= Time Remembered =

"Time Remembered" is a jazz standard composed by jazz pianist Bill Evans.

Evans biographer Keith Shadwick says that it is "one of Evans's deeply-felt ballads, its strong melody arising from a very busy harmonic pattern, recalling music by Rachmaninov and Chopin." American jazz pianist Jack Reilly says that the work is influenced by both the sixteenth century modal works of the polyphonist masters (Palestrina, Byrd, Frescobaldi, etc.) and the works of impressionist composers (Debussy and Ravel).

==Recordings by Bill Evans==
It was recorded for the first time in 1962 with a quintet featuring Zoot Sims for the album Loose Blues, which was released only posthumously in 1982. According to pianist Warren Bernhardt, though, Evans had said to him, "God, I hope they never release those tapes after I die!" Nonetheless, Evans biographer and classical pianist Peter Pettinger praised this recording: "The mellow lyricism of 'Time Remembered' evoked a warm response from Sims."

The first release of a recording of "Time Remembered" wasn't until 1966 on the album Bill Evans Trio with Symphony Orchestra with an orchestration by Claus Ogerman. Other earlier recordings eventually came to light, including a trio recording from 1963 with Chuck Israels and Larry Bunker, released by Milestone in 1983, and trio and solo recordings from November 1965 in Copenhagen, released on the 2-CD set Treasures in 2023.

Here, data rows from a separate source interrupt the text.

(* Let $c_1>0$ and let $b:[0,c_1]\to\mathbb R$ be Lipschitz continuous with $b(0)=1$. Let $c<d$. Then there is a constant $C_2>0$ such that for all $R>|c|+|d|$ and all $f\in C^{1/2}_c(c,d)$, $$\Big\|\sup_{a\in[0,c_1]}|L_af|\Big\|_{L^\infty[-R,R]}\le C_2(1+|d-c|)R^{1/2}\|f\|_{C^{1/2}_c(c,d)}.$$
   Context: For $a>0$ and $f\in L^1(\mathbb R)$, $L_af(u)=\frac{1}{\sqrt{2\pi}}\frac{e^{i\pi/4}}{\sqrt{2a}}\int_{\mathbb R}f(t)e^{-i\frac{(b(a)u-t)^2}{4a}}dt$, and $L_0f(u)=f(b(0)u)=f(u)$; for Schwartz $f$ this equals $\frac1{\sqrt{2\pi}}\int_{\mathbb R}e^{i[b(a)uv+av^2]}\hat f(v)dv$ with $\hat f(v)=\frac1{\sqrt{2\pi}}\int e^{-ivt}f(t)dt$. $C^{s}_c(c,d)$ denotes the space of (complex-valued) functions on $\mathbb R$ supported in $(c,d)$ which are Hölder continuous of exponent $s$, with norm $\|f\|_{C^s_c(c,d)}=\sup|f|+\sup_{x\ne y}\frac{|f(x)-f(y)|}{|x-y|^s}$. *)

theory Defs
  imports "HOL-Analysis.Analysis" "HOL-Probability.Essential_Supremum"
begin

definition L_op :: "(real \<Rightarrow> real) \<Rightarrow> real \<Rightarrow> (real \<Rightarrow> complex) \<Rightarrow> real \<Rightarrow> complex" where
  "L_op b a f u =
     (if a = 0 then f (b 0 * u)
      else complex_of_real (1 / sqrt (2 * pi)) * cis (pi / 4) / complex_of_real (sqrt (2 * a))
           * (LINT t|lborel. f t * cis (- ((b a * u - t)\<^sup>2 / (4 * a)))))"

definition holder_c :: "real \<Rightarrow> real \<Rightarrow> real \<Rightarrow> (real \<Rightarrow> complex) \<Rightarrow> bool" where
  "holder_c s c d f \<longleftrightarrow>
     (\<forall>x. x \<notin> {c<..<d} \<longrightarrow> f x = 0) \<and>
     (\<exists>K. \<forall>x y. cmod (f x - f y) \<le> K * \<bar>x - y\<bar> powr s)"

definition holder_norm :: "real \<Rightarrow> (real \<Rightarrow> complex) \<Rightarrow> real" where
  "holder_norm s f =
     (SUP x. cmod (f x)) +
     (SUP p \<in> {p::real\<times>real. fst p \<noteq> snd p}.
        cmod (f (fst p) - f (snd p)) / \<bar>fst p - snd p\<bar> powr s)"

end

theory Submission
  imports Defs
begin

text \<open>Centred at \<open>x = b(a) u\<close>, the integral defining \<open>L_a f(u)\<close> splits into two one-sided
  integrals \<open>\<integral>_0^L g(s) e^(-i s^2/4a) ds\<close>, where \<open>g\<close> is Hoelder continuous of exponent 1/2 and
  vanishes beyond \<open>L = |c - x| + |d - x|\<close>. With \<open>r^2 = 4\<pi>a\<close>, the substitution
  \<open>s \<mapsto> \<surd>(s^2 + r^2)\<close> shifts the phase by \<open>\<pi>\<close>, i.e. reverses the sign of the chirp. Averaging
  the integral with its substituted form leaves the integral over \<open>[0, r]\<close> plus an integrand
  controlled by the Hoelder constant, in total \<open>O(r [g]_1/2 \<surd>L)\<close>. The prefactor of \<open>L_a\<close> has
  modulus \<open>1/r\<close>, so \<open>|L_a f(u)| \<le> 6 [f]_1/2 \<surd>L\<close> uniformly in \<open>a\<close>; finally \<open>L = O(R)\<close> because
  the Lipschitz function \<open>b\<close> is bounded on \<open>[0, c1]\<close>.\<close>

lemma holder_const_nonneg:
  fixes g :: "real \<Rightarrow> 'a::real_normed_vector"
  assumes "\<And>x y. norm (g x - g y) \<le> H * \<bar>x - y\<bar> powr s"
  shows "0 \<le> H"
proof -
  have "norm (g 1 - g 0) \<le> H" using assms[of 1 0] by simp
  then show ?thesis using norm_ge_zero order_trans by blast
qed

lemma holder_continuous:
  fixes g :: "real \<Rightarrow> 'a::real_normed_vector"
  assumes "s > 0" and "\<And>x y. norm (g x - g y) \<le> H * \<bar>x - y\<bar> powr s"
  shows "continuous_on UNIV g"
proof -
  have "(g \<longlongrightarrow> g x) (at x)" for x
  proof -
    have "((\<lambda>y. H * \<bar>y - x\<bar> powr s) \<longlongrightarrow> H * \<bar>x - x\<bar> powr s) (at x)"
      using assms(1) by (intro tendsto_intros) auto
    then have "((\<lambda>y. H * \<bar>y - x\<bar> powr s) \<longlongrightarrow> 0) (at x)" by simp
    then have "((\<lambda>y. g y - g x) \<longlongrightarrow> 0) (at x)"
      by (rule Lim_null_comparison[rotated]) (use assms(2) in auto)
    then show ?thesis by (simp add: LIM_zero_iff)
  qed
  then show ?thesis by (simp add: continuous_on_eq_continuous_at isCont_def)
qed

lemma hypot_minus_le:
  fixes s r :: real
  assumes "0 \<le> s" "0 < r"
  shows "sqrt (s\<^sup>2 + r\<^sup>2) - s \<le> r\<^sup>2 / (s + r)"
proof -
  let ?\<rho> = "sqrt (s\<^sup>2 + r\<^sup>2)"
  have "s \<le> ?\<rho>" "r \<le> ?\<rho>" by (auto intro: real_le_rsqrt)
  then have "(?\<rho> - s) * (s + r) \<le> (?\<rho> - s) * (?\<rho> + s)"
    by (intro mult_left_mono) auto
  also have "\<dots> = r\<^sup>2" by (simp add: algebra_simps power2_eq_square[symmetric])
  finally show ?thesis using assms by (simp add: pos_le_divide_eq)
qed

lemma one_minus_div_hypot_le:
  fixes s r :: real
  assumes "0 \<le> s" "0 < r"
  shows "1 - s / sqrt (s\<^sup>2 + r\<^sup>2) \<le> 2 * r\<^sup>2 / (s + r)\<^sup>2"
proof -
  let ?\<rho> = "sqrt (s\<^sup>2 + r\<^sup>2)"
  have \<rho>: "s \<le> ?\<rho>" "r \<le> ?\<rho>" by (auto intro: real_le_rsqrt)
  have "(s + r)\<^sup>2 \<le> 2 * ?\<rho>\<^sup>2"
    using sum_squares_ge_zero[of "s - r" 0] by (simp add: power2_eq_square algebra_simps)
  also have "\<dots> \<le> 2 * ?\<rho> * (?\<rho> + s)"
    using assms by (simp add: power2_eq_square algebra_simps)
  finally have "(?\<rho> - s) * (s + r)\<^sup>2 \<le> (?\<rho> - s) * (2 * ?\<rho> * (?\<rho> + s))"
    using \<rho> by (intro mult_left_mono) auto
  also have "\<dots> = 2 * ?\<rho> * r\<^sup>2" by (simp add: algebra_simps power2_eq_square[symmetric])
  finally have "(?\<rho> - s) * (s + r)\<^sup>2 \<le> 2 * ?\<rho> * r\<^sup>2" .
  moreover have "0 < ?\<rho>" "0 < s + r" using \<rho> assms by linarith+
  ultimately have "(?\<rho> - s) / ?\<rho> \<le> 2 * r\<^sup>2 / (s + r)\<^sup>2"
    by (simp add: divide_le_eq le_divide_eq mult.commute mult.left_commute)
  moreover have "(?\<rho> - s) / ?\<rho> = 1 - s / ?\<rho>" using \<open>0 < ?\<rho>\<close> by (metis diff_divide_distrib divide_self less_irrefl)
  ultimately show ?thesis by simp
qed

Various later live trio versions of the piece exist, notably the one from 1974 on the album Since We Met with Eddie Gómez and Marty Morell. Evans's final recording of it dates from 6 June 1980, which appeared posthumously on the 6-CD set Turn Out the Stars: The Final Village Vanguard Recordings. Although many Evans recordings of "Time Remembered" are currently available, only two were authorized for release by the pianist during his lifetime: the one with Ogerman and the live trio version from the Village Vanguard from 1974.

Producer Bruce Spiegel's 2015 documentary about Evans aptly takes its title from this composition, and it begins with a video recording of Evans playing this piece solo.

==Recordings by others==
The piece has been recorded by various other artists, including Oregon (1977), the Kronos Quartet (1985), Fred Hersch (1990), John McLaughlin (1993), Chick Corea with Gary Burton (2012), the Jim Norton Collective (2013), and Joey Alexander (2018). In 1994, Paul Lewis added lyrics to the piece, although it's challenging to sing because of the wide intervals, ranging upward to a high C-sharp, a note associated more with opera than with popular standards. The vocal version was recorded by Kendra Shank for her album Mosaic (Challenge, 2009) with pianist Frank Kimbrough.

==Harmonic analysis==
The work is built over four modes, dorian, phrygian, lydian, and aeolian, and is notable for lacking dominant-like seventh chords, thus using only major and minor chords and their extensions (and employing many added 9ths, 11ths, and 13ths). According to Reilly, these two factors give the work a modal and impressionistic flavor. Shadwick notes that the piece "moves unexpectedly in its harmony and has an unusually long verse structure, forcing the soloist to concentrate hard on his shifting position within the maze."